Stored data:
⁂
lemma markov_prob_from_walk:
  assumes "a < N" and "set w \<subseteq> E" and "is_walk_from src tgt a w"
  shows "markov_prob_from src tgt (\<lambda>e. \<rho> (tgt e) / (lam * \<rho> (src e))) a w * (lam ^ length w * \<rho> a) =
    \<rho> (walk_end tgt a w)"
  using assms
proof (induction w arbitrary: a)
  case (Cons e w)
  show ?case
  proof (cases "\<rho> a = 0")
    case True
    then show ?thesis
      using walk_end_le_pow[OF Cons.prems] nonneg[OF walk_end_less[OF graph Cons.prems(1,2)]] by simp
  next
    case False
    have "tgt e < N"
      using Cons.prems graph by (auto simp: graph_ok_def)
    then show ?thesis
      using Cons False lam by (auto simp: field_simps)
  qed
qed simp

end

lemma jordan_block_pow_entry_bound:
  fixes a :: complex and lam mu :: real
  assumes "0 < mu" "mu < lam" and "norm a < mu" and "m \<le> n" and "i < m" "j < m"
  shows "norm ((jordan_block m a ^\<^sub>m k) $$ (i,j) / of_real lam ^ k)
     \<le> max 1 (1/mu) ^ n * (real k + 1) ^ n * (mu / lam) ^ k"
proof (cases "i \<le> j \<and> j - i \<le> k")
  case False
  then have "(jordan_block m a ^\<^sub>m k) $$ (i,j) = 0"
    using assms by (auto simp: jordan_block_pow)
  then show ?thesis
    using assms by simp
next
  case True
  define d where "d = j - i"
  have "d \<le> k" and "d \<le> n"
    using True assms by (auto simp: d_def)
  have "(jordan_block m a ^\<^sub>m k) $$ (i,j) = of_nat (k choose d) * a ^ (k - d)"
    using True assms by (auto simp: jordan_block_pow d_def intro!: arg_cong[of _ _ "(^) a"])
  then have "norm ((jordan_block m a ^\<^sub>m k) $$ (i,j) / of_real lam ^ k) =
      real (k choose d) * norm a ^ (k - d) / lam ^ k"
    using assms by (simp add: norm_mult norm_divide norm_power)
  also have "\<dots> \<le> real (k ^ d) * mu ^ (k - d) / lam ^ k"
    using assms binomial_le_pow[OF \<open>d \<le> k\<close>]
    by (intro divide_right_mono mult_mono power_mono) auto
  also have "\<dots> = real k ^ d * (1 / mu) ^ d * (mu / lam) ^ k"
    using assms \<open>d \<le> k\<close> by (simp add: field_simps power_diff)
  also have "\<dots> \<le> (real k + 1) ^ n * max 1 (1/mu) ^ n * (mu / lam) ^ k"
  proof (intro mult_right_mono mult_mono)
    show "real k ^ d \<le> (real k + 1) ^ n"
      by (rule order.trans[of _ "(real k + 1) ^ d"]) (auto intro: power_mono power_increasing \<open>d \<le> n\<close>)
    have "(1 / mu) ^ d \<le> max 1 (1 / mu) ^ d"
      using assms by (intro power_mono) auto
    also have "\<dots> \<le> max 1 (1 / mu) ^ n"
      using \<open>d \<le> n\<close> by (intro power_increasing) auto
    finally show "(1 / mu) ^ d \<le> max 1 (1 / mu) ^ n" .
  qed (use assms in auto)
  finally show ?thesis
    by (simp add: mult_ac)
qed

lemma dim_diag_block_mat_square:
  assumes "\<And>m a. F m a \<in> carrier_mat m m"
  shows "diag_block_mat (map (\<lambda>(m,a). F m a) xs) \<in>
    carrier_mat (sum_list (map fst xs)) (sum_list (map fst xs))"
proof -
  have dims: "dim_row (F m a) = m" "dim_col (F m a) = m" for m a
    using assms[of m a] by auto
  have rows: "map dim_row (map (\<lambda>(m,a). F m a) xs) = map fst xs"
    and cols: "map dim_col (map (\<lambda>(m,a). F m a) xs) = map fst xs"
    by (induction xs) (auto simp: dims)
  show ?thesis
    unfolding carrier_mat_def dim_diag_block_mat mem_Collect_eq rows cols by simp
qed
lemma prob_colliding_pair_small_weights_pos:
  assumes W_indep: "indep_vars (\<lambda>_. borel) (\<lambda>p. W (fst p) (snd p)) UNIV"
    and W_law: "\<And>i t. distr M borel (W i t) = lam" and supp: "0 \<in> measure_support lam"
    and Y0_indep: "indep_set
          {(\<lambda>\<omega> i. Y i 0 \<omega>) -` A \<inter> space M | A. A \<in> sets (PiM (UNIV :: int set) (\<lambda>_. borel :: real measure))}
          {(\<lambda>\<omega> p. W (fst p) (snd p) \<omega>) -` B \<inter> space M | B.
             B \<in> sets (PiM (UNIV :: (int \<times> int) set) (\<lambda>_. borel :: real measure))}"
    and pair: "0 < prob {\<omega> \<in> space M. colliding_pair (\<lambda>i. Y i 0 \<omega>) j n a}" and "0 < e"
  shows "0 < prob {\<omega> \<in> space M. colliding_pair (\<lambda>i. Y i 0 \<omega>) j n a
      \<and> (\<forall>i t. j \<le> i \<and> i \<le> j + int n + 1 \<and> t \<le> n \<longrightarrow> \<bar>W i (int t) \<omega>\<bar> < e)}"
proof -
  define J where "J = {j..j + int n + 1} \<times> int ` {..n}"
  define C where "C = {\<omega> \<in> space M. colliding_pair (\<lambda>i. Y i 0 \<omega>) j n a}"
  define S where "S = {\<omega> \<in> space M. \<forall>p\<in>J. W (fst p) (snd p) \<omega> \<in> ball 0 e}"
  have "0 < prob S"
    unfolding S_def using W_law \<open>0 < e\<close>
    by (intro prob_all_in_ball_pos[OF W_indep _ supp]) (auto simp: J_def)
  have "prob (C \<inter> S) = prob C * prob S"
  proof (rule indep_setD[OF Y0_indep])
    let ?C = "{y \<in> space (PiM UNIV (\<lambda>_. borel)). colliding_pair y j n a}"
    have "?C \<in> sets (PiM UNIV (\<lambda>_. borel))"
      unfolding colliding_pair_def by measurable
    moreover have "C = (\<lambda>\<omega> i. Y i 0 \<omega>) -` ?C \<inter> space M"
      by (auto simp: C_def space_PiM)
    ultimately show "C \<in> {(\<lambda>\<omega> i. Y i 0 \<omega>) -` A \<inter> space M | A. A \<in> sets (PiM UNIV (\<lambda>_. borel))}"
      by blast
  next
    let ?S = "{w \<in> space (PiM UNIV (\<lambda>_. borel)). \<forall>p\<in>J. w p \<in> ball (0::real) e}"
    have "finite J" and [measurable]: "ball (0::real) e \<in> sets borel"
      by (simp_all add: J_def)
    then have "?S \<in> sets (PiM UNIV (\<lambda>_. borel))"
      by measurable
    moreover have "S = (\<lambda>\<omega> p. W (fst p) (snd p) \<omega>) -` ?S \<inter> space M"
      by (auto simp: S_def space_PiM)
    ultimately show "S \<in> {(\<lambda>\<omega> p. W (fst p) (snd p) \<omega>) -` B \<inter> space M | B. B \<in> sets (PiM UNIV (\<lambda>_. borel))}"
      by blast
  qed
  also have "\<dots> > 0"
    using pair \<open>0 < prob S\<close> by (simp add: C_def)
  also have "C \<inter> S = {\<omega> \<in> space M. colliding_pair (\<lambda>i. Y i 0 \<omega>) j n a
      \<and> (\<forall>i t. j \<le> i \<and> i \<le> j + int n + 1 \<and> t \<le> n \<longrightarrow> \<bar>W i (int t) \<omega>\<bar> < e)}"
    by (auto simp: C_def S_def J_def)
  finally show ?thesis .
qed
⁂
Give back, word for word, only the lines above from the line holding "using assms binomial_le_pow[OF" to the line holding "a) xs) \<in>", both included.

    using assms binomial_le_pow[OF \<open>d \<le> k\<close>]
    by (intro divide_right_mono mult_mono power_mono) auto
  also have "\<dots> = real k ^ d * (1 / mu) ^ d * (mu / lam) ^ k"
    using assms \<open>d \<le> k\<close> by (simp add: field_simps power_diff)
  also have "\<dots> \<le> (real k + 1) ^ n * max 1 (1/mu) ^ n * (mu / lam) ^ k"
  proof (intro mult_right_mono mult_mono)
    show "real k ^ d \<le> (real k + 1) ^ n"
      by (rule order.trans[of _ "(real k + 1) ^ d"]) (auto intro: power_mono power_increasing \<open>d \<le> n\<close>)
    have "(1 / mu) ^ d \<le> max 1 (1 / mu) ^ d"
      using assms by (intro power_mono) auto
    also have "\<dots> \<le> max 1 (1 / mu) ^ n"
      using \<open>d \<le> n\<close> by (intro power_increasing) auto
    finally show "(1 / mu) ^ d \<le> max 1 (1 / mu) ^ n" .
  qed (use assms in auto)
  finally show ?thesis
    by (simp add: mult_ac)
qed

lemma dim_diag_block_mat_square:
  assumes "\<And>m a. F m a \<in> carrier_mat m m"
  shows "diag_block_mat (map (\<lambda>(m,a). F m a) xs) \<in>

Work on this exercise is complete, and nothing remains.